My first tattoo, obtained while an undergrad at Howard University, is a butterfly. My lower back exists as a block of amber, my skin preserving the butterfly in permanent ink. Library of Small Catastrophes, my debut poetry collection, contains the poem: “Elephants Born Without Tusks.” In it, I describe the use of peppered moths as a teaching tool for natural selection. Birds unable to see dark moths on soot-covered trees, a byproduct of rising industry, ate lighter colored moths instead. Thus, the darker moths were able to survive. How have my ancestors adapted in an effort to survive? How does the dark keep me safe?

While hiking in Colorado, I want to hear the refrain of Martin Luther King’s “I’ve Been to the Mountaintop” speech. On Monday mornings, when my colleagues compare notes, and suggest trails from their weekend adventures, I want to join in, rather than look away, too tired to mention the latest instances of police brutality. The American Dream is to “move on up,” to ascend, to advance, to climb. Instead, what I long for is flat land, rivers, and lakes; for the running water that Sam Cooke sings of in, “A Change Is Gonna Come.”

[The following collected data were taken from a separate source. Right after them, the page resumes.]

lemma gather_spread:
  assumes "\<beta> > 0" "v \<in> states m"
  shows "gather m \<beta> (spread \<beta> v) = v"
proof
  fix j show "gather m \<beta> (spread \<beta> v) j = v j"
    using assms by (cases "j < m") (simp_all add: gather_def spread_def states_def)
qed

lemma nmsg_scale: "\<beta> > 0 \<Longrightarrow> nmsg (\<beta> * m) (r / real \<beta>) = nmsg m r"
  by (simp add: nmsg_def)

lemma is_code_spread:
  assumes "\<beta> > 0" "is_code m R E D"
  shows "is_code (\<beta> * m) (\<lambda>i. R i / real \<beta>) (spread_enc m \<beta> E) (spread_dec m \<beta> D)"
  using assms gather_in_states spread_in_states gather_spread
  by (simp add: is_code_def nmsg_scale spread_enc_def spread_dec_def)

lemma state_seq_spread:
  assumes "\<beta> > 0" "is_code m R E D" "valid_msgs m R ms"
  shows "state_seq (spread_enc m \<beta> E) ms n = spread \<beta> (state_seq E ms n)"
proof (induction n)
  case 0 show ?case by (simp add: spread_def fun_eq_iff)
next
  case (Suc n) with assms show ?case
    by (simp add: spread_enc_def gather_spread state_seq_in_states)
qed

text \<open>The only cell of a window of \<beta> cells of a spread state that can change is the multiple of
  \<beta> in it; it carries the value of cell \<open>(j + \<beta> - 1) div \<beta>\<close> of the original state.\<close>
lemma window_changes_spread:
  fixes \<beta> j :: nat
  assumes "\<beta> > 0"
  defines "c \<equiv> (j + \<beta> - 1) div \<beta>"
  shows "window_changes (\<lambda>n. spread \<beta> (v n)) \<alpha> \<beta> i j
    \<subseteq> (\<lambda>(k, _). (k, \<beta> * c - j)) ` window_changes v \<alpha> 1 i c"
proof clarify
  fix k l assume "(k, l) \<in> window_changes (\<lambda>n. spread \<beta> (v n)) \<alpha> \<beta> i j"
  hence k: "k < \<alpha>" and l: "l < \<beta>" and "(j + l) mod \<beta> = 0"
    and ne: "v (i + k) ((j + l) div \<beta>) \<noteq> v (i + k + 1) ((j + l) div \<beta>)"
    by (auto simp: window_changes_def spread_def)
  then obtain q where q: "j + l = \<beta> * q" by (metis dvd_eq_mod_eq_0 dvd_def)
  have "c = q" unfolding c_def
    by (rule div_nat_eqI) (use q l assms(1) in \<open>linarith, simp\<close>)
  moreover from q have "(j + l) div \<beta> = q" using assms(1) by simp
  moreover from \<open>c = q\<close> have "l = \<beta> * c - j" by (simp flip: q)
  ultimately show "(k, l) \<in> (\<lambda>(k, _). (k, \<beta> * c - j)) ` window_changes v \<alpha> 1 i c"
    using k ne by (intro image_eqI[of _ _ "(k, 0)"]) (auto simp: window_changes_def)
qed

lemma constrained_spread:
  assumes "\<beta> > 0" "is_code m R E D" "constrained m \<alpha> 1 p R E"
  shows "constrained (\<beta> * m) \<alpha> \<beta> p (\<lambda>i. R i / real \<beta>) (spread_enc m \<beta> E)"
  unfolding constrained_iff
proof (intro allI impI)
  fix ms i j assume valid: "valid_msgs (\<beta> * m) (\<lambda>i. R i / real \<beta>) ms"
  hence valid': "valid_msgs m R ms" using assms(1) by (simp add: valid_msgs_def nmsg_scale)
  define c where "c = (j + \<beta> - 1) div \<beta>"
  have card_le: "card (window_changes (state_seq E ms) \<alpha> 1 i c) \<le> p"
  proof (cases "c < m")
    case True with assms(3) valid' show ?thesis by (simp add: constrained_iff)
  next
    case False
    have "\<not> state_seq E ms n c" for n
      using state_seq_in_states[OF assms(2) valid', of n] False by (simp add: states_def)
    hence "window_changes (state_seq E ms) \<alpha> 1 i c = {}"
      by (auto simp: window_changes_def simp del: state_seq.simps)
    thus ?thesis by simp
  qed
  have "state_seq (spread_enc m \<beta> E) ms = (\<lambda>n. spread \<beta> (state_seq E ms n))"
    by (rule ext) (rule state_seq_spread[OF assms(1,2) valid'])
  thus "card (window_changes (state_seq (spread_enc m \<beta> E) ms) \<alpha> \<beta> i j) \<le> p"
    using surj_card_le[OF finite_window_changes window_changes_spread[OF assms(1)]] card_le
    unfolding c_def by (metis (no_types) order_trans)
qed

lemma spread_rate_achievable:
  assumes "\<beta> > 0" "r \<in> achievable_rates \<alpha> 1 p m"
  shows "r / real \<beta> \<in> achievable_rates \<alpha> \<beta> p (\<beta> * m)"
proof -
  obtain R E D where "is_code m R E D" "constrained m \<alpha> 1 p R E" "has_rate R r"
    using assms(2) by (auto simp: achievable_rates_def)
  with assms(1) have "is_code (\<beta> * m) (\<lambda>i. R i / real \<beta>) (spread_enc m \<beta> E) (spread_dec m \<beta> D)"
    "constrained (\<beta> * m) \<alpha> \<beta> p (\<lambda>i. R i / real \<beta>) (spread_enc m \<beta> E)"
    "has_rate (\<lambda>i. R i / real \<beta>) (r / real \<beta>)"
    by (simp_all add: is_code_spread constrained_spread has_rate_divide)
  thus ?thesis unfolding achievable_rates_def by blast
qed

section \<open>Side-by-side block codes\<close>

lemma eventually_all_le_sublinear:
  fixes e :: "nat \<Rightarrow> real"
  assumes "(\<lambda>n. e n / real n) \<longlonglongrightarrow> 0" "\<epsilon> > 0"
  shows "\<exists>N. \<forall>n\<ge>N. \<forall>j\<le>n. e j \<le> \<epsilon> * real n"
proof -
  obtain J where J: "\<forall>j\<ge>J. \<bar>e j / real j\<bar> < \<epsilon>"
    using assms unfolding LIMSEQ_def dist_real_def by auto
  define K where "K = (\<Sum>j\<le>J. \<bar>e j\<bar>)"
  have small: "e j \<le> K" if "j \<le> J" for j
    unfolding K_def using that member_le_sum[of j "{..J}" "\<lambda>j. \<bar>e j\<bar>"] by auto
  have large: "e j \<le> \<epsilon> * real j" if "j > J" for j
  proof -
    have "\<bar>e j\<bar> / real j < \<epsilon>" "real j > 0" using J that by auto
    thus ?thesis by (simp add: field_simps)
  qed
  show ?thesis
  proof (intro exI allI impI)
    fix n j assume n: "n \<ge> max (Suc J) (nat \<lceil>K / \<epsilon>\<rceil> + 1)" and j: "j \<le> n"
    have "real (nat \<lceil>K / \<epsilon>\<rceil> + 1) \<le> real n" using n by (intro of_nat_mono) simp
    hence "K / \<epsilon> < real n" using real_nat_ceiling_ge[of "K / \<epsilon>"] by simp
    hence "K < \<epsilon> * real n" using assms(2) by (simp add: field_simps)
    moreover have "\<epsilon> * real j \<le> \<epsilon> * real n" using j assms(2) by simp
    ultimately show "e j \<le> \<epsilon> * real n"
      using small[of j] large[of j] by (cases "j \<le> J") auto
  qed
qed

lemma tendsto_averages_if_close_below:
  fixes B e :: "nat \<Rightarrow> real"
  assumes B_le: "\<And>n. B n \<le> t * real n" and B_ge: "\<And>n. \<exists>j\<le>n. t * real n + e n - e j \<le> B n"
    and e_lim: "(\<lambda>n. e n / real n) \<longlonglongrightarrow> 0"
  shows "(\<lambda>n. B n / real n) \<longlonglongrightarrow> t"
proof (rule LIMSEQ_I)
  fix \<epsilon> :: real assume "\<epsilon> > 0"
  obtain N1 where N1: "\<forall>n\<ge>N1. \<forall>j\<le>n. e j \<le> \<epsilon> / 3 * real n"
    using eventually_all_le_sublinear[OF e_lim, of "\<epsilon> / 3"] \<open>\<epsilon> > 0\<close> by auto
  obtain N2 where N2: "\<forall>n\<ge>N2. \<forall>j\<le>n. - e j \<le> \<epsilon> / 3 * real n"
    using eventually_all_le_sublinear[of "\<lambda>n. - e n", of "\<epsilon> / 3"] tendsto_minus[OF e_lim] \<open>\<epsilon> > 0\<close>
    by auto
  show "\<exists>N. \<forall>n\<ge>N. norm (B n / real n - t) < \<epsilon>"
  proof (intro exI allI impI)
    fix n assume n: "n \<ge> max 1 (max N1 N2)"
    obtain j where "j \<le> n" "t * real n + e n - e j \<le> B n" using B_ge by blast
    moreover have "e j \<le> \<epsilon> / 3 * real n" "- e n \<le> \<epsilon> / 3 * real n"
      using N1 N2 n \<open>j \<le> n\<close> by auto
    ultimately have "(t - 2 * (\<epsilon> / 3)) * real n \<le> B n" by (simp add: algebra_simps)
    moreover have "real n > 0" using n by simp
    ultimately have "t - 2 * (\<epsilon> / 3) \<le> B n / real n" "B n / real n \<le> t"
      using B_le[of n] by (simp_all add: field_simps)
    thus "norm (B n / real n - t) < \<epsilon>" using \<open>\<epsilon> > 0\<close> by simp
  qed
qed

definition capped_sums :: "(nat \<Rightarrow> real) \<Rightarrow> real \<Rightarrow> nat \<Rightarrow> real" where
  "capped_sums y t = rec_nat 0 (\<lambda>n v. min (v + y (Suc n)) (t * real (Suc n)))"

lemma capped_sums_0 [simp]: "capped_sums y t 0 = 0"
  and capped_sums_Suc: "capped_sums y t (Suc n) = min (capped_sums y t n + y (Suc n)) (t * real (Suc n))"
  by (simp_all add: capped_sums_def)

lemma capped_sums_le: "capped_sums y t n \<le> t * real n"
  by (cases n) (simp_all add: capped_sums_Suc)

lemma capped_sums_increment:
  assumes "\<And>i. 0 \<le> y i" "t \<ge> 0"
  shows "0 \<le> capped_sums y t (Suc n) - capped_sums y t n \<and> capped_sums y t (Suc n) - capped_sums y t n \<le> y (Suc n)"
proof -
  have "capped_sums y t n \<le> t * real (Suc n)"
    using capped_sums_le[of y t n] mult_left_mono[of "real n" "real (Suc n)" t] assms(2) by linarith
  with assms(1) show ?thesis by (simp add: capped_sums_Suc)
qed

lemma capped_sums_eq: "\<exists>j\<le>n. capped_sums y t n = t * real j + ((\<Sum>i=1..n. y i) - (\<Sum>i=1..j. y i))"
proof (induction n)
  case (Suc n)
  then obtain j where "j \<le> n" "capped_sums y t n = t * real j + ((\<Sum>i=1..n. y i) - (\<Sum>i=1..j. y i))"
    by blast
  thus ?case
    by (cases "capped_sums y t n + y (Suc n) \<le> t * real (Suc n)")
      (auto simp: capped_sums_Suc intro: exI[of _ j] exI[of _ "Suc n"])
qed simp

lemma averages_below_majorant:
  fixes y z :: "nat \<Rightarrow> real"
  assumes y_nonneg: "\<And>i. 0 \<le> y i" and z_le_y: "\<And>i. z i \<le> y i" and "t \<ge> 0"
    and z_avg: "(\<lambda>n. (\<Sum>i=1..n. z i) / real n) \<longlonglongrightarrow> t"
  obtains b where "\<And>i. 0 \<le> b i \<and> b i \<le> y i" "(\<lambda>n. (\<Sum>i=1..n. b i) / real n) \<longlonglongrightarrow> t"
proof -
  define B where "B = capped_sums y t"
  have B_0: "B 0 = 0" by (simp add: B_def)
  have B_le: "B n \<le> t * real n" for n unfolding B_def by (rule capped_sums_le)
  have B_incr: "0 \<le> B (Suc n) - B n \<and> B (Suc n) - B n \<le> y (Suc n)" for n
    unfolding B_def by (rule capped_sums_increment[OF y_nonneg \<open>t \<ge> 0\<close>])
  have B_eq: "\<exists>j\<le>n. B n = t * real j + ((\<Sum>i=1..n. y i) - (\<Sum>i=1..j. y i))" for n
    unfolding B_def by (rule capped_sums_eq)
  define b where "b i = B i - B (i - 1)" for i
  have b_bounds: "0 \<le> b i \<and> b i \<le> y i" for i
    using B_incr y_nonneg by (cases i) (simp_all add: b_def)
  have sum_b: "(\<Sum>i=1..n. b i) = B n" for n
    by (induction n) (simp_all add: B_0 b_def)
  define Z where "Z n = (\<Sum>i=1..n. z i)" for n
  define e where "e n = Z n - t * real n" for n
  have "incseq (\<lambda>n. (\<Sum>i=1..n. y i) - Z n)"
    by (rule incseq_SucI) (simp add: Z_def z_le_y)
  have B_ge: "\<exists>j\<le>n. t * real n + e n - e j \<le> B n" for n
  proof -
    obtain j where "j \<le> n" "B n = t * real j + ((\<Sum>i=1..n. y i) - (\<Sum>i=1..j. y i))" using B_eq by blast
    moreover have "(\<Sum>i=1..j. y i) - Z j \<le> (\<Sum>i=1..n. y i) - Z n"
      using incseqD[OF \<open>incseq _\<close> \<open>j \<le> n\<close>] by simp
    ultimately show ?thesis by (auto simp: e_def)
  qed
  have e_lim: "(\<lambda>n. e n / real n) \<longlonglongrightarrow> 0"
  proof -
    have "(\<lambda>n. Z n / real n - t) \<longlonglongrightarrow> 0"
      using tendsto_diff[OF z_avg tendsto_const[of t]] by (simp add: Z_def)
    moreover have "\<forall>\<^sub>F n in sequentially. Z n / real n - t = e n / real n"
      by (intro eventually_sequentiallyI[of 1]) (simp add: e_def field_simps)
    ultimately show ?thesis by (rule Lim_transform_eventually)
  qed
  have "(\<lambda>n. (\<Sum>i=1..n. b i) / real n) \<longlonglongrightarrow> t"
    unfolding sum_b using B_le B_ge e_lim by (rule tendsto_averages_if_close_below)
  from that[OF b_bounds this] show ?thesis .
qed

lemma nmsg_le_powr: "real (nmsg n r) \<le> 2 powr (real n * r)"
  unfolding nmsg_def by (simp add: of_nat_floor)

lemma half_powr_le_nmsg:
  assumes "real m * r \<ge> 1"
  shows "2 powr (real m * r) / 2 \<le> real (nmsg m r)"
proof -
  have "2 powr 1 \<le> 2 powr (real m * r)" using assms by (intro powr_mono) auto
  moreover have "2 powr (real m * r) - 1 \<le> real (nmsg m r)"
    unfolding nmsg_def by (simp add: of_nat_floor)
  ultimately show ?thesis by simp
qed

text \<open>Rounding \<open>2 powr (m * r)\<close> down to an integer costs at most one bit, which is where
  the \<open>- 1\<close> comes from.\<close>
lemma nmsg_le_power:
  assumes "r \<ge> 0" "real N * b \<le> real k * max 0 (real m * r - 1)"
  shows "nmsg N b \<le> nmsg m r ^ k"
proof -
  have base: "2 powr max 0 (real m * r - 1) \<le> real (nmsg m r)"
  proof (cases "real m * r \<le> 1")
    case True thus ?thesis using nmsg_ge_1[OF assms(1), of m] by simp
  next
    case False thus ?thesis using half_powr_le_nmsg[of m r] by (simp add: powr_diff)
  qed
  have "real (nmsg N b) \<le> 2 powr (real k * max 0 (real m * r - 1))"
    using nmsg_le_powr[of N b] assms(2) by (meson order_trans powr_mono one_le_numeral)
  also have "\<dots> = (2 powr max 0 (real m * r - 1)) powr real k"
    by (simp add: powr_powr mult.commute)
  also have "\<dots> = (2 powr max 0 (real m * r - 1)) ^ k" by (simp add: powr_realpow)
  also have "\<dots> \<le> real (nmsg m r) ^ k" by (rule power_mono[OF base]) simp
  finally show ?thesis by (metis of_nat_le_iff of_nat_power)
qed

lemma sum_digits_eq_mod: "(\<Sum>b<k. (x div M ^ b mod M) * M ^ b) = (x::nat) mod M ^ k"
proof (induction k)
  case (Suc k)
  have "x mod M ^ Suc k = M ^ k * (x div M ^ k mod M) + x mod M ^ k"
    by (metis mod_mult2_eq power_Suc2)
  with Suc show ?case by simp
qed simp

Born in the gateway to the West, when I look out at the Colorado mountains, I am presented with a longing to go home. In bed, I repeat, “I want to go home, I want to go home, I want to go home . . .” The trouble is, I’m not sure where home is anymore. Whether near or far from “home,” Black death seems to find me. Still, I would trade the mountain peaks for the fried catfish of Missouri’s Mississippi River. I would exchange the warm sunshine of Colorado Springs for Lake Michigan’s wind, for a view of the foamy waves from the window of the Jeffrey Jump making its way down Lake Shore Drive; the bus filled with Black folks that look like my aunties, uncles, cousins and ‘nem.

Dear reader, if you can hear me, I am afraid to die on this mountain. First thing this morning, cold was there to kiss my feet, my soles gently pressed against the bathroom floor tiles. As the sun shone its face, I found a moth floating in the toilet. There it was; waiting for me. A sign? A magic act? An omen? I do not know who it came in the name of or what it was trying to communicate. I do not know what anything means. I remember its wings, a breaststroke of stillness on the water. On its dark abdomen, a poem about flowers.